Close to a week after his car plunged 200 feet into a ravine, Lavau, 68, was rescued Thursday by his three adult children, who took matters into their own hands after a detective told them his last cellphone signal came from a rugged section of the Angeles National Forest.

As he lay injured in the woods next to his wrecked car, he survived by eating bugs and leaves and drinking creek water, a doctor said.

One of the first things he requested after his rescue: a chocolate malt, his daughter Chardonnay Lavau said on NBC’s “Today” show.

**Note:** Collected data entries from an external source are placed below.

(* Let $1<S\le N$, $L$ a band-width vector, $\dot W$ an $L$-admissible matrix, $W_\varepsilon=\mathrm{Id}+\varepsilon\dot W$, $k\in\mathbb N$, $\beta\in\Gamma$, $D_\beta=D_{k,\beta,L}$ and $P_{\varepsilon,\beta}=D_\beta W_\varepsilon$. For all sufficiently small $\varepsilon>0$ let $f^{(1)}_\varepsilon,\dots,f^{(N)}_\varepsilon$ be a unit-norm eigenbasis of $P_{\varepsilon,\beta}$. Then for all $1\le\ell\ne m\le N$ and all sufficiently small $\varepsilon>0$, $\langle f^{(\ell)}_\varepsilon,D_\beta\overline{f^{(m)}_\varepsilon}\rangle=0$.
   Context: A band-width vector is $L=(L_1,\dots,L_S)$ of positive integers with $\sum_sL_s=N$; $N_0=0$, $N_s=N_{s-1}+L_s$, $B_s=\{j:N_{s-1}<j\le N_s\}$. $D_{k,\beta,L}$ is the diagonal matrix with $j$-th entry $e^{-2\pi ik\beta_s}$ for $j\in B_s$. $\dot W$ is $L$-admissible if it is real symmetric and (1) $\dot W_{ij}\ge0$ for $i\ne j$, $\sum_j\dot W_{ij}=0$ for all $i$; (2) $\dot W$ has $N$ distinct eigenvalues; (3) each $\hat W_s=(\dot W_{jk})_{j,k\in B_s}$ has $L_s$ distinct eigenvalues. $\Gamma=\{\beta\in\mathbb R^S: e^{-2\pi ik\beta_{s_1}}\neq e^{-2\pi ik\beta_{s_2}}\text{ for all }k\ne0,\ s_1\ne s_2\}$. $\overline v$ is entrywise conjugation and $\langle v,w\rangle=\sum_jv_j\overline{w_j}$. *)

theory Defs
  imports Complex_Main
begin

text \<open>Conventions: vectors and matrices of size N are functions on indices 1..N
 (nat => 'a and nat => nat => 'a); blocks are indexed s = 1..S.\<close>

definition band_width :: "nat \<Rightarrow> nat \<Rightarrow> (nat \<Rightarrow> nat) \<Rightarrow> bool" where
  "band_width S N L \<longleftrightarrow> (\<forall>s\<in>{1..S}. 0 < L s) \<and> (\<Sum>s=1..S. L s) = N"

definition Ncum :: "(nat \<Rightarrow> nat) \<Rightarrow> nat \<Rightarrow> nat" where
  "Ncum L s = (\<Sum>t=1..s. L t)"

definition blk :: "(nat \<Rightarrow> nat) \<Rightarrow> nat \<Rightarrow> nat set" where
  "blk L s = {j. Ncum L (s - 1) < j \<and> j \<le> Ncum L s}"

definition is_eigenvalue_on :: "nat set \<Rightarrow> (nat \<Rightarrow> nat \<Rightarrow> 'a::field) \<Rightarrow> 'a \<Rightarrow> bool" where
  "is_eigenvalue_on I A x \<longleftrightarrow>
     (\<exists>v. (\<exists>j\<in>I. v j \<noteq> 0) \<and> (\<forall>i\<in>I. (\<Sum>j\<in>I. A i j * v j) = x * v i))"

definition admissible :: "nat \<Rightarrow> nat \<Rightarrow> (nat \<Rightarrow> nat) \<Rightarrow> (nat \<Rightarrow> nat \<Rightarrow> real) \<Rightarrow> bool" where
  "admissible S N L Wd \<longleftrightarrow>
     (\<forall>i\<in>{1..N}. \<forall>j\<in>{1..N}. Wd i j = Wd j i) \<and>
     (\<forall>i\<in>{1..N}. \<forall>j\<in>{1..N}. i \<noteq> j \<longrightarrow> 0 \<le> Wd i j) \<and>
     (\<forall>i\<in>{1..N}. (\<Sum>j=1..N. Wd i j) = 0) \<and>
     card {x. is_eigenvalue_on {1..N} Wd x} = N \<and>
     (\<forall>s\<in>{1..S}. card {x. is_eigenvalue_on (blk L s) Wd x} = L s)"

definition Gamma :: "nat \<Rightarrow> (nat \<Rightarrow> real) set" where
  "Gamma S = {\<beta>. \<forall>k::int. k \<noteq> 0 \<longrightarrow> (\<forall>s1\<in>{1..S}. \<forall>s2\<in>{1..S}. s1 \<noteq> s2 \<longrightarrow>
       exp (- 2 * of_real pi * \<i> * of_int k * of_real (\<beta> s1))
     \<noteq> exp (- 2 * of_real pi * \<i> * of_int k * of_real (\<beta> s2)))}"
(* Let $\mathbb{S}$ be the Sorgenfrey line. The symmetric product $\mathcal{F}_2(\mathbb{S})$ is homeomorphic to $\mathbb{S}^2$. In particular, $\mathcal{F}_2(\mathbb{S})$ is homogeneous.
   Context: The Sorgenfrey line $\mathbb{S}$ is the real line with the topology generated by half-open intervals $[a,b[$. For a space $X$, $\mathcal{F}_2(X)$ denotes the set of all nonempty subsets of $X$ of cardinality at most $2$, with the subspace topology inherited from the hyperspace of closed subsets of $X$ with the Vietoris topology. A space $Y$ is homogeneous if for all $x,y\in Y$ there is a homeomorphism $h:Y\to Y$ with $h(x)=y$. *)

theory Defs
  imports "HOL-Analysis.Analysis"
begin

definition sorgenfrey :: "real topology" where
  "sorgenfrey = topology_generated_by {{a..<b} | a b. a < b}"

definition vietoris :: "'a topology \<Rightarrow> 'a set topology" where
  "vietoris X = topology_generated_by
     ({{A. closedin X A \<and> A \<subseteq> U} | U. openin X U} \<union>
      {{A. closedin X A \<and> A \<inter> U \<noteq> {}} | U. openin X U})"

definition F2 :: "'a topology \<Rightarrow> 'a set topology" where
  "F2 X = subtopology (vietoris X)
     {A. A \<subseteq> topspace X \<and> A \<noteq> {} \<and> finite A \<and> card A \<le> 2}"

definition homogeneous_space :: "'a topology \<Rightarrow> bool" where
  "homogeneous_space Y \<longleftrightarrow>
     (\<forall>x\<in>topspace Y. \<forall>y\<in>topspace Y. \<exists>h. homeomorphic_map Y Y h \<and> h x = y)"

end

theory Submission
  imports Defs
begin

text \<open>
  The map \<open>{a, b} \<mapsto> (min a b, max a b)\<close> identifies \<open>F\<^sub>2(S)\<close> with the closed half-plane
  \<open>a \<le> b\<close> of \<open>S\<^sup>2\<close>: the Vietoris neighbourhood of \<open>{a, b}\<close> built from \<open>[a, a + e[\<close> and
  \<open>[b, b + e[\<close> forces minimum and maximum into these intervals.

  The closed half-plane is in turn homeomorphic to \<open>S\<^sup>2\<close>. Off the diagonal it is the disjoint
  union of the clopen vertical segments \<open>{a} \<times> [c, c + s[\<close>, where \<open>c\<close> is the coarsest dyadic
  rational in \<open>]a, b]\<close> and \<open>s\<close> the mesh of its level. Stretching each segment by the factor 2,
  keeping its lower half vertical and laying its upper half horizontally onto \<open>[c, c + s[ \<times> {a}\<close>,
  fills the open half-plane below the diagonal as well. The segments starting near a diagonal
  point are short, which makes this folding continuous on the diagonal, where it is the identity.

  Homogeneity follows since \<open>S\<close> is homogeneous by translations, hence so is \<open>S\<^sup>2\<close>.
\<close>

lemma homogeneous_space_prod_topology:
  assumes "homogeneous_space X" "homogeneous_space Y"
  shows "homogeneous_space (prod_topology X Y)"
  unfolding homogeneous_space_def
proof clarsimp
  fix x y x' y'
  assume "x \<in> topspace X" "y \<in> topspace Y" "x' \<in> topspace X" "y' \<in> topspace Y"
  then obtain f g where "homeomorphic_map X X f" "f x = x'" "homeomorphic_map Y Y g" "g y = y'"
    using assms unfolding homogeneous_space_def by meson
  then obtain f' g' where "homeomorphic_maps X X f f'" "homeomorphic_maps Y Y g g'"
    by (meson homeomorphic_map_maps)
  then have "homeomorphic_map (prod_topology X Y) (prod_topology X Y) (\<lambda>(x, y). (f x, g y))"
    using homeomorphic_maps_prod homeomorphic_map_maps by blast
  then show "\<exists>h. homeomorphic_map (prod_topology X Y) (prod_topology X Y) h \<and> h (x, y) = (x', y')"
    using \<open>f x = x'\<close> \<open>g y = y'\<close> by force
qed

lemma homogeneous_space_homeomorphic:
  assumes "X homeomorphic_space Y" "homogeneous_space Y"
  shows "homogeneous_space X"
  unfolding homogeneous_space_def
proof (intro ballI)
  fix x y assume x: "x \<in> topspace X" and y: "y \<in> topspace X"
  obtain f g where fg: "homeomorphic_maps X Y f g"
    using assms(1) unfolding homeomorphic_space_def by blast
  then have f: "homeomorphic_map X Y f" and g: "homeomorphic_map Y X g"
    by (auto simp: homeomorphic_maps_map)
  have "f x \<in> topspace Y" "f y \<in> topspace Y"
    using x y fg unfolding homeomorphic_maps_def continuous_map_def by auto
  then obtain k where k: "homeomorphic_map Y Y k" "k (f x) = f y"
    using assms(2) unfolding homogeneous_space_def by blast
  have "homeomorphic_map X X (g \<circ> k \<circ> f)"
    using f g k by (intro homeomorphic_map_compose)
  moreover have "(g \<circ> k \<circ> f) x = y"
    using k fg y unfolding homeomorphic_maps_def by simp
  ultimately show "\<exists>h. homeomorphic_map X X h \<and> h x = y" by blast
qed

section \<open>The Sorgenfrey line and plane\<close>

lemma openin_sorgenfrey:
  "openin sorgenfrey U \<longleftrightarrow> (\<forall>x\<in>U. \<exists>e>0. {x..<x + e} \<subseteq> U)"
proof
  assume "openin sorgenfrey U"
  then have "generate_topology_on {{a..<b} | a b. a < b} U"
    unfolding sorgenfrey_def by (simp add: openin_topology_generated_by_iff)
  then show "\<forall>x\<in>U. \<exists>e>0. {x..<x + e} \<subseteq> U"
  proof induct
    case (Int V W)
    show ?case
    proof
      fix x assume "x \<in> V \<inter> W"
      then obtain e1 e2 where "e1 > 0" "{x..<x + e1} \<subseteq> V" "e2 > 0" "{x..<x + e2} \<subseteq> W"
        using Int by blast
      then show "\<exists>e>0. {x..<x + e} \<subseteq> V \<inter> W"
        by (intro exI[of _ "min e1 e2"]) (auto simp: subset_eq)
    qed
  next
    case (Basis s)
    then obtain a b where "s = {a..<b}" by blast
    then show ?case by (auto intro!: exI[where x = "b - _"])
  qed blast+
next
  assume "\<forall>x\<in>U. \<exists>e>0. {x..<x + e} \<subseteq> U"
  then obtain e where e: "\<And>x. x \<in> U \<Longrightarrow> e x > 0 \<and> {x..<x + e x} \<subseteq> U" by metis
  then have U: "U = (\<Union>x\<in>U. {x..<x + e x})" by force
  have "generate_topology_on {{a..<b} | a b. a < b} (\<Union>x\<in>U. {x..<x + e x})"
    using e by (force intro: generate_topology_on.UN generate_topology_on.Basis)
  then show "openin sorgenfrey U"
    unfolding sorgenfrey_def by (subst U) (simp add: openin_topology_generated_by_iff)
qed

lemma openin_sorgenfrey_atLeastLessThan: "openin sorgenfrey {a..<b}"
  unfolding openin_sorgenfrey by (auto intro!: exI[where x = "b - _"])
(* Fix an input dimension $d\ge 1$, a hidden size $n\ge 1$ and an activation function $\sigma:\mathbb{R}\to\mathbb{R}$ (applied componentwise). For an integer $R\ge 0$ let $\mathcal{H}_{\mathrm{CPRNN}}(R,n)$ and $\mathcal{H}_{\mathrm{CPBIRNN}}(R,n)$ be the function classes defined in the context. Then: (i) $\mathcal{H}_{\mathrm{CPRNN}}(R,n)\subseteq \mathcal{H}_{\mathrm{CPRNN}}(R+1,n)$ for every $R$; (ii) $\mathcal{H}_{\mathrm{CPRNN}}(R,n)= \mathcal{H}_{\mathrm{CPRNN}}(R+1,n)$ for every $R\ge R_{\max}$. Moreover, assuming $n\le d$: (iii) if $\sigma$ is real analytic and invertible, then $\mathcal{H}_{\mathrm{CPBIRNN}}(R,n)\subsetneq \mathcal{H}_{\mathrm{CPBIRNN}}(R+1,n)$ for every $R< R_{\mathrm{typ\text{-}max}}$; (iv) if $\sigma$ is linear (the identity), then $\mathcal{H}_{\mathrm{CPRNN}}(R,n)\subsetneq \mathcal{H}_{\mathrm{CPRNN}}(R+1,n)$ for every $R< R_{\mathrm{typ\text{-}max}}$.
   Context: CP decomposition: for matrices $\mathbf{A}\in\mathbb{R}^{d_1\times R},\mathbf{B}\in\mathbb{R}^{d_2\times R},\mathbf{C}\in\mathbb{R}^{d_3\times R}$ with columns $\mathbf a_r,\mathbf b_r,\mathbf c_r$, $[\![\mathbf{A},\mathbf{B},\mathbf{C}]\!]=\sum_{r=1}^R \mathbf a_r\circ\mathbf b_r\circ\mathbf c_r\in\mathbb{R}^{d_1\times d_2\times d_3}$ (outer products). The CP rank of a tensor is the smallest $R$ for which it admits such a decomposition. For a tensor $\mathcal{T}\in\mathbb{R}^{n\times d\times n}$, $h\in\mathbb{R}^n$, $x\in\mathbb{R}^d$, write $(\mathcal{T}\times_1 h\times_2 x)_k=\sum_{i,j}\mathcal{T}_{ijk}h_ix_j$. $R_{\max}$ is the maximum CP rank of tensors in $\mathbb{R}^{n\times d\times n}$; a typical rank is a value $R$ such that the set of tensors in $\mathbb{R}^{n\times d\times n}$ of CP rank $R$ has positive Lebesgue measure, and $R_{\mathrm{typ\text{-}max}}$ is the largest typical rank. A CPRNN of hidden size $n$ and rank $R$ has parameters $\mathbf h^0\in\mathbb{R}^n$, $\mathbf{A}\in\mathbb{R}^{n\times R}$, $\mathbf{B}\in\mathbb{R}^{d\times R}$, $\mathbf{C}\in\mathbb{R}^{n\times R}$, $\mathbf U\in\mathbb{R}^{n\times d}$, $\mathbf V\in\mathbb{R}^{n\times n}$, $\mathbf b\in\mathbb{R}^n$ and activation $\sigma$; on an input sequence $(\mathbf x^1,\dots,\mathbf x^T)$ of vectors in $\mathbb{R}^d$ (any length $T\ge1$) it computes $\mathbf h^t=\sigma([\![\mathbf{A},\mathbf{B},\mathbf{C}]\!]\times_1\mathbf h^{t-1}\times_2\mathbf x^t+\mathbf V\mathbf h^{t-1}+\mathbf U\mathbf x^t+\mathbf b)$ for $t=1,\dots,T$. A CPBIRNN is a CPRNN with $\mathbf U=0$, $\mathbf V=0$, $\mathbf b=0$. $\mathcal{H}_{\mathrm{CPRNN}}(R,n)$ (resp. $\mathcal{H}_{\mathrm{CPBIRNN}}(R,n)$) is the set of all functions $(\mathbf x^1,\dots,\mathbf x^T)\mapsto(\mathbf h^1,\dots,\mathbf h^T)$ computed by CPRNNs (resp. CPBIRNNs) of rank $R$ and hidden size $n$ with the given activation $\sigma$, as the parameters range over all real values. *)

theory Defs
  imports "HOL-Analysis.Analysis"
begin

text \<open>Tensors in R^{n x d x n}: entry (i,j,k) is T $ i $ j $ k.
  Dimensions n and d are given by finite index types 'n and 'd.\<close>

type_synonym ('n, 'd) tensor3 = "real ^ 'n ^ 'd ^ 'n"
definition trivial_embeds ::
  "('r \<Rightarrow> nat) \<Rightarrow> ('f \<Rightarrow> nat) \<Rightarrow> ('r, 'f, 'b) struct \<Rightarrow> bool" where
  "trivial_embeds arR arF B \<longleftrightarrow> (\<exists>g. embedding arR arF trivial_struct B g)"

text \<open>A sentence \<forall>y. \<not>\<And>\<Phi> (no parameters) is represented by the finite set \<Phi> of atoms;
all its variables are universally quantified.\<close>

definition sat_neg :: "('r, 'f, 'a) struct \<Rightarrow> ('r, 'f) atom set \<Rightarrow> bool" where
  "sat_neg M \<Phi> \<longleftrightarrow> (\<forall>s. \<not> (\<forall>\<phi>\<in>\<Phi>. holds_atom M s \<phi>))"

definition neg_sentence :: "('r \<Rightarrow> nat) \<Rightarrow> ('f \<Rightarrow> nat) \<Rightarrow> ('r, 'f) atom set \<Rightarrow> bool" where
  "neg_sentence arR arF \<Phi> \<longleftrightarrow> finite \<Phi> \<and> (\<forall>\<phi>\<in>\<Phi>. wf_atom arR arF \<phi>)"

definition models_neg :: "('r, 'f, 'a) struct \<Rightarrow> ('r, 'f) atom set set \<Rightarrow> bool" where
  "models_neg M U \<longleftrightarrow> (\<forall>\<Phi>\<in>U. sat_neg M \<Phi>)"

end

theory Submission
  imports Defs
begin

David Lavau was in serious but stable condition Friday at Henry Mayo Newhall Memorial Hospital with three rib fractures, a dislocated shoulder, a broken arm and fractures in his back, said Dr. Garrett Sutter. Lavau was expected to be released in three to four days.

Dr. Ranbir Singh, the hospital’s trauma director, said Lavau told him that he was driving home about 7 p.m. when he was temporarily blinded by the headlights of an oncoming car.

He braked but failed to gain traction. The car flipped and plunged down the embankment.

Lavau said he was unsure whether he collided with the car. A second car with a body was found next to Lavau’s vehicle.

That car, a Toyota Camry, was identified as belonging to 88-year-old Melvin Gelfand, whose family had reported him missing on Sept. 14, said Los Angeles police Detective Marla Ciuffetelli of the missing-persons unit.

Lavau spent the night in his wrecked car and crawled out in daylight. He found a stream nearby and ate ants, the doctor said. He also found a flare in the other car and tried to light it, but it was expired. He couldn’t find his cellphone.

Lavau could hear cars and see their lights on the road above and was hopeful that he would be discovered, but as time passed, he grew more uncertain.

“He mentally said goodbye to his family. He wasn’t sure anyone would be able to find him,” Singh said.

His children told “Today” that after realizing he was missing, they contacted a Los Angeles County sheriff’s detective, who was able to narrow Lavau’s whereabouts through cellphone use, text messages and debit card purchases, to the sparsely populated area, about 50 miles north of downtown Los Angeles. The children organized themselves into a search party.

“We stopped at every ravine and looked over every hill, and then my brother got out of the car and we kept screaming, and the next thing we heard Dad saying, ‘Help, help,’ and there he was,” Lisa Lavau said.